Fourth Quarter 2020 Business Overview
Revenues were $11,029,154 in the fourth quarter of 2020. This significant increase was driven by strong growth in orders for the Company's Byrna HD, resulting from enhanced market awareness of the product.

Gross profit was $4,896,610, representing a gross margin of 44.4%, compared to $53,542, or a 10.7% gross margin in the prior year period. On an adjusted basis, gross margin in Q4 was 48.7%.  The increase in gross profit margins was driven primarily by the result of substantially higher production volumes, as the Company was able to spread its fixed production overhead across a larger production base.   

Operating expenses were $6,172,482 in the fourth quarter of 2020, up from $824,770 in the prior year period.  The increase reflects greater investment in corporate infrastructure necessary to support the Company's growth in sales and production.  This investment includes increases in employee-related expenses, marketing costs, auditing costs and bank fees.

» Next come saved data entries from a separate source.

lemma reg_gf_u_Suc:
  "reg_gf_u (Suc q) * (1 - 2 * z_of_u * (\<Sum>q'<Suc q. reg_gf_u q')) = z_of_u * (reg_gf_u q)\<^sup>2"
proof -
  define w :: "real fps" where "w = fps_X ^ (2 ^ q - 1)"
  define v :: "real fps" where "v = fps_X ^ 2 ^ q"
  have v: "v = fps_X * w"
    unfolding v_def w_def by (simp add: fps_X_power_pred)
  have pow: "fps_X ^ (2 ^ Suc q - 1) = v * w" "fps_X ^ 2 ^ Suc q = v\<^sup>2"
    "fps_X ^ 2 ^ Suc (Suc q) = v ^ 4"
    by (simp_all add: v_def w_def flip: power_add power_mult)
  have "(1 - v\<^sup>2) * inverse (1 - v\<^sup>2) = 1" "(1 - v ^ 4) * inverse (1 - v ^ 4) = 1"
    using one_minus_X_power_inverse[of "2 ^ Suc q"] one_minus_X_power_inverse[of "2 ^ Suc (Suc q)"]
    unfolding pow by simp_all
  with v inverse_one_plus_X_squared show ?thesis
    unfolding sum_reg_gf_u unfolding reg_gf_u_def z_of_u_def pow w_def[symmetric] by algebra
qed

text \<open>The series \<open>\<Sum>\<^sub>m\<^sub>\<ge>\<^sub>1 c(m) u\<^bsup>mK-1\<^esup>\<close>; the value \<open>c 0\<close> is not used.\<close>

definition dilated_gf :: "nat \<Rightarrow> (nat \<Rightarrow> real) \<Rightarrow> real fps" where
  "dilated_gf K c = Abs_fps (\<lambda>j. if K dvd Suc j then c (Suc j div K) else 0)"

lemma dilated_gf_mult_one_minus_X_power:
  assumes "0 < K" "c 0 = 0"
  shows "dilated_gf K c * (1 - fps_X ^ K) = dilated_gf K (\<lambda>m. c m - c (m - 1))"
proof (rule fps_ext)
  fix j
  have "(dilated_gf K c * (1 - fps_X ^ K)) $ j =
      dilated_gf K c $ j - (if j < K then 0 else dilated_gf K c $ (j - K))"
    by (simp add: algebra_simps fps_X_power_mult_nth)
  moreover have "K dvd Suc (j - K) \<longleftrightarrow> K dvd Suc j" "Suc (j - K) div K = Suc j div K - 1"
    if "\<not> j < K"
    using that assms(1) dvd_add_left_iff[of K K "Suc (j - K)"]
      div_add_self2[of K "Suc (j - K)"] by (simp_all add: Suc_diff_le)
  moreover have "Suc j div K = 1" if "j < K" "K dvd Suc j"
  proof -
    have "Suc j = K" using that dvd_imp_le[of K "Suc j"] by simp
    with assms(1) show ?thesis by simp
  qed
  ultimately show "(dilated_gf K c * (1 - fps_X ^ K)) $ j =
      dilated_gf K (\<lambda>m. c m - c (m - 1)) $ j"
    using assms(2) by (auto simp: dilated_gf_def)
qed

lemma dilated_gf_of_nat_mult:
  assumes "0 < K"
  shows "dilated_gf K real * (1 - fps_X ^ K)\<^sup>2 = fps_X ^ (K - 1)"
proof -
  have "dilated_gf K real * (1 - fps_X ^ K)\<^sup>2 =
      dilated_gf K real * (1 - fps_X ^ K) * (1 - fps_X ^ K)"
    by (simp add: power2_eq_square mult.assoc)
  also have "\<dots> = dilated_gf K (\<lambda>m. real m - real (m - 1) - (real (m - 1) - real (m - 1 - 1)))"
    using assms by (simp add: dilated_gf_mult_one_minus_X_power)
  also have "\<dots> = fps_X ^ (K - 1)"
  proof (rule fps_ext)
    fix j
    show "dilated_gf K (\<lambda>m. real m - real (m - 1) - (real (m - 1) - real (m - 1 - 1))) $ j =
        (fps_X ^ (K - 1) :: real fps) $ j"
    proof (cases "K dvd Suc j")
      case True
      then obtain m where m: "Suc j = K * m" ..
      with assms have "0 < m" by (cases m) auto
      with m assms show ?thesis by (cases "m = 1") (auto simp: dilated_gf_def of_nat_diff)
    next
      case False
      with assms show ?thesis by (auto simp: dilated_gf_def)
    qed
  qed
  finally show ?thesis .
qed

definition equal_children_gf_u :: "nat \<Rightarrow> real fps" where
  "equal_children_gf_u N = (1 - fps_X\<^sup>2) * (\<Sum>p\<le>N. dilated_gf (2 ^ Suc p) real)"

lemma equal_children_gf_u_eq:
  "equal_children_gf_u N * (1 - 2 * z_of_u * (1 + fps_X)) = z_of_u * (\<Sum>p\<le>N. (reg_gf_u p)\<^sup>2)"
proof -
  have "(1 - fps_X\<^sup>2) * dilated_gf (2 ^ Suc p) real * (1 - 2 * z_of_u * (1 + fps_X)) =
      z_of_u * (reg_gf_u p)\<^sup>2" for p
  proof -
    define w :: "real fps" where "w = fps_X ^ (2 ^ p - 1)"
    define v :: "real fps" where "v = fps_X ^ 2 ^ p"
    have v: "v = fps_X * w"
      unfolding v_def w_def by (simp add: fps_X_power_pred)
    have pow: "fps_X ^ (2 ^ Suc p - 1) = v * w" "fps_X ^ 2 ^ Suc p = v\<^sup>2"
      by (simp_all add: v_def w_def flip: power_add power_mult)
    have "dilated_gf (2 ^ Suc p) real * (1 - v\<^sup>2)\<^sup>2 = v * w"
      using dilated_gf_of_nat_mult[of "2 ^ Suc p"] unfolding pow by simp
    moreover have "(1 - v\<^sup>2) * inverse (1 - v\<^sup>2) = 1"
      using one_minus_X_power_inverse[of "2 ^ Suc p"] unfolding pow by simp
    ultimately show ?thesis
      using v inverse_one_plus_X_squared
      unfolding reg_gf_u_def z_of_u_def pow w_def[symmetric] by algebra
  qed
  then show ?thesis
    by (simp add: equal_children_gf_u_def sum_distrib_left sum_distrib_right)
qed

definition size_gf_u :: "real fps" where
  "size_gf_u = fps_X * (1 + fps_X) * inverse (1 - fps_X)"

lemma inverse_one_minus_X: "(1 - fps_X) * inverse (1 - fps_X :: real fps) = 1"
  using one_minus_X_power_inverse[of 1] by simp

lemma size_gf_u_eq: "size_gf_u * (1 - 2 * z_of_u * (1 + fps_X)) = z_of_u * (1 + fps_X)\<^sup>2"
  using inverse_one_plus_X_squared inverse_one_minus_X
  unfolding size_gf_u_def z_of_u_def by algebra

lemma one_plus_X_plus_size_gf_u:
  "1 + fps_X + size_gf_u = Abs_fps (\<lambda>j. if j = 0 then 1 else 2)" (is "_ = ?R")
proof -
  have "?R * (1 - fps_X) = 1 + fps_X"
    by (rule fps_ext, case_tac n) (simp_all add: algebra_simps fps_X_mult_nth)
  with inverse_one_minus_X show ?thesis
    unfolding size_gf_u_def by algebra
qed

section \<open>The substitution \<open>z = u / (1 + u)\<^sup>2\<close>\<close>

definition u_of_z :: "real fps" where
  "u_of_z = catalan_gf - 1"

lemma u_of_z_nth_0 [simp]: "u_of_z $ 0 = 0"
  by (simp add: u_of_z_def catalan_gf_def tree_gf_nth trees_0)

lemma catalan_gf_eq_u_of_z: "catalan_gf = 1 + u_of_z"
  by (simp add: u_of_z_def)

lemma u_of_z_eq: "u_of_z = fps_X * (1 + u_of_z)\<^sup>2"
  using catalan_gf_eq unfolding u_of_z_def by algebra

lemmas compose_u_of_z_simps =
  fps_compose_add_distrib fps_compose_sub_distrib fps_compose_mult_distrib[OF u_of_z_nth_0]
  fps_compose_power[OF u_of_z_nth_0, symmetric] fps_compose_sum_distrib

lemma numeral_compose_u_of_z [simp]: "numeral k oo u_of_z = numeral k"
  by (simp add: numeral_fps_const)

lemma z_of_u_compose_u_of_z: "z_of_u oo u_of_z = fps_X"
proof -
  have "inverse ((1 + fps_X)\<^sup>2) oo u_of_z = inverse ((1 + u_of_z)\<^sup>2)"
    by (subst fps_inverse_compose) (simp_all add: fps_nth_power_0 compose_u_of_z_simps)
  then have "z_of_u oo u_of_z = u_of_z * inverse ((1 + u_of_z)\<^sup>2)"
    by (simp add: z_of_u_def compose_u_of_z_simps)
  also have "\<dots> = fps_X * ((1 + u_of_z)\<^sup>2 * inverse ((1 + u_of_z)\<^sup>2))"
    by (subst u_of_z_eq) (simp add: mult.assoc)
  also have "\<dots> = fps_X"
    by (subst inverse_mult_eq_1') (simp_all add: fps_nth_power_0)
  finally show ?thesis .
qed

text \<open>Each functional equation in \<open>z\<close> is of the form \<open>f (1 - 2 z g) = z h\<close>, which determines \<open>f\<close>;
  so it suffices that the candidate in \<open>u\<close>, composed with \<open>u_of_z\<close>, satisfies it too.\<close>

lemma fps_functional_eq_unique:
  fixes f f' g h :: "real fps"
  assumes "f = fps_X * (2 * f * g + h)" "f' * (1 - 2 * fps_X * g) = fps_X * h"
  shows "f = f'"
proof -
  have "f * (1 - 2 * fps_X * g) = f' * (1 - 2 * fps_X * g)"
    using assms by algebra
  moreover have "(1 - 2 * fps_X * g) $ 0 \<noteq> 0"
    by simp
  then have "1 - 2 * fps_X * g \<noteq> 0"
    by (metis fps_zero_nth)
  ultimately show ?thesis by simp
qed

Financial Position as of November 30, 2020:

  • Cash of $9,563,635, including $6,388,561 of restricted cash (which is released as backorders are fulfilled).
  • Total assets of $21,216,120.
  • Total debt of $190,300.

The Company's cash position as of November 30, 2020 was an increase of $8,481,735 from November 30, 2019, primarily due to positive free cash flow (defined as cash flow from operations less purchases of property and equipment) and early warrant exercises during the twelve-month period.  Cash flow from operations for fiscal 2020 was $2,537,755 and free cash flow was $1,111,321

Technical Service Update
On February 12, 2020, the Company identified a limited number of Byrna HD launchers in which the safety wire was not within specification.  While no injuries were reported as a result of this technical issue, Byrna alerted its customers through multiple channels including a direct email campaign to Byrna HD owners and a notification posted on the Company's website, offering customers the opportunity to return their launchers for a technical service update to correct the issue, free of charge.  In the ten days since alerting its customers of this issue, Byrna has reached more than 31,000 customers (over 80% of customers) and has received less than 350 submissions for the technical service update.  In the event that we ultimately receive a higher number of customer update requests, the Company has accrued $195,000 on its balance sheet to cover the potential costs of the technical service update (labor, materials and roundtrip freight) for the period ended November 30, 2020.  

Mr. Ganz concluded, “Looking out to the balance of 2021, we expect revenues for our fiscal first quarter ending February 28th to be approximately $9.2 million.  This is slightly below our expectations at the beginning of the quarter, as Byrna suspended essentially all shipments of launchers during the last two weeks of the quarter in order to inspect, test and update more than 8,000 launchers that were in the production pipeline and more than 25,000 safety wires held in inventory.  We can confidently state that since Byrna learned of the technical issue on February 12th, every launcher leaving the factory has been reinspected, updated where necessary and retested, and procedures and protocols have been established to prevent a recurrence of this issue.  While the end of quarter reduction in shipments will negatively impact Q1 sales, the Company is going into Q2 with an order backlog of approximately $3.0 million.”

“With respect to our fiscal second quarter ending May 31st, we expect a slight decline in revenues from our seasonally strong first quarter, which includes the holiday shopping period.  Regarding the outlook for full fiscal year 2021 ending November 30th, based on year-to-date sales, our existing backlog, current order rates, our plans to launch multiple new promotional campaigns, our new product launch schedule and the production capacity we have in place, we expect revenues for the full year 2021 to come in between $33 million and $38 million.”   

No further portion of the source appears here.